– BAND ON THE WALL, MANCHESTER –

It looks like 2011 is the year that James Blake ate the pies.  I expect  the svelte foppish-haired waif that I’ve seen peer out of press photos, but the man who takes the stage alongside fellow traveller Rob McAndrews (guitar and sampler), minus Ben Assiter, who often provides drum accompaniment, is an altogether more shorn and fat-necked incarnation of the 22 year old wonder kid.  I’m not saying he’s Fat Bastard from Austin Powers or anything, but he definitely looks more like a bloke who could have you in a fight than a fey indie boy.  Blake’s physical appearance seems as anamorphic as his music.

The Band on the Wall auditorium isn’t at capacity but it is 3pm on a Saturday afternoon (3pm!) at a gig laid on due to high demand- testament to “so hot right now”-ness of Blake.  This is more like a recital than a gig but the delicacy and sophistication of the music makes this feel appropriate – not that the music is overally intellectual or difficult, but it does deserve your full attention.  For the half hour before Blake takes the stage Rich Reason (who not only has a Hitler haircut, but get this, has what looks like a Hitler moustache!) has been exposing the speakers to a lot of sub-bass, leaving a vacuum of pregnant silence.  The hum of the amplifiers is the only sound as Blake sings the opening lines of Lindisfarne 1, his voice fragile and mournful and unaccompanied by any instrumentation. It’s brave and beautiful.  He multi-tracks his vocals live, making his voice go up a few octaves for the second verse so it sounds like a he’s dueting with a female android version of himself.

This is Blake’s second outing at Band on the Wall in a matter of months for clued-up promoters Now Wave, a bunch that have been providing Manchester’s music scene with much vibrancy and colour, whose refreshing non-genre specific policy on booking new music hasn’t debarred some of the more interesting cross-over acts from the electronic underground.  But it was purveyors of all things drum ‘n’ bass and dubstep, Hit and Run, who were onto Blake early on and had him DJing in the city shortly after his initial, more purist dubstep releases on Ramadanman’s (sorry, Pearson Sound’s) label Hessle Audio.  This transition from sub-genre DJ/producer playing at dubstep nights to music press indie-darling almost overnight, coinciding with his cover of Feist’s ‘Limit To Your Love’, seems startling.

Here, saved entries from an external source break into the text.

theorem lemma2:
  fixes \<eta> :: "nat \<Rightarrow> real" and \<rho> :: "nat \<Rightarrow> complex^'d^'d" and n x :: nat
  assumes "ensemble n \<eta> \<rho>" and "x \<in> {1..n}"
  shows "Mset n \<eta> \<rho> x = {E. psd E \<and> E ** orth_proj (support_op (Dx n \<eta> \<rho> x)) = 0}
     \<and> Mdual n \<eta> \<rho> x = {E. hermitian E \<and>
           psd (orth_proj (kernel_op (Dx n \<eta> \<rho> x)) ** E ** orth_proj (kernel_op (Dx n \<eta> \<rho> x)))}"
proof -
  obtain P where P: "is_orth_proj P (kernel_op (Dx n \<eta> \<rho> x))"
    using is_orth_proj_kernel_op_exists by blast
  have kernel: "orth_proj (kernel_op (Dx n \<eta> \<rho> x)) = P"
    using P by (rule orth_proj_eq)
  have support: "orth_proj (support_op (Dx n \<eta> \<rho> x)) = mat 1 - P"
    unfolding support_op_eq_perp_kernel using is_orth_proj_complement[OF P] by (rule orth_proj_eq)
  have "Mset n \<eta> \<rho> x = {E. psd E \<and> E ** (mat 1 - P) = 0}"
    using Mset_eq_kernel_proj_fixed[OF assms P] is_orth_proj_mult_complement_eq_0_iff[OF P]
    by (auto dest: psd_hermitian)
  then show ?thesis
    using Mdual_eq_kernel_proj_sandwich_psd[OF assms P] by (simp add: kernel support)
qed

end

Listening to Blake’s early releases you can hear something more than the sparse high-hat shuffle and wobbage of stock dubstep.  Like in Burial’s music, there’s a melancholy, and interplay between sound and silence like in the music of Geiom or Oktober.   Yet Blake’s hyperbolic evolution into an entirely more interesting and complex musical animal is still surprising.  But maybe it shouldn’t be.  It just takes an immense, classically trained talent like Blake to step into the cavernous void of the genre’s sub-bass and clicks and fill the space effortlessly with folly, melancholic, R ’n’ B tinged songs.  Blake understands completely the power of silence and sound, allowing notes to hang before punctuating them with big bass and slow two-steppy breaks.  The sound system in Band on the Wall perfectly complements this- when standing in the middle of the floor, where the sound from the speakers converge, you can almost feel your chest rattle as your nose hairs vibrate from the bass.

Many of the songs employ the same refrain repeated, but this adds to the effectiveness.  Blake  sings “I never told her where the fear comes from…” over and over, multi-tracking the vocals, marrying a set of production practices used in dubstep with a folk aesthetic, making it sound like Tim Buckley meets Burial.  It shouldn’t work but it does.  In fact it sounds fully formed and completely natural. The system is really tested with penultimate song which ends with a big crescendo of crackling white noise, before another folky electro acoustic number with field recordings and effects concludes an all too short set.  I’m not used to going to gigs at three in the afternoon, and as I exit onto the city centre streets, sober as a judge, it feels like coming out of a matinee at the cinema, and for a few minutes, the world all seems a bit unreal.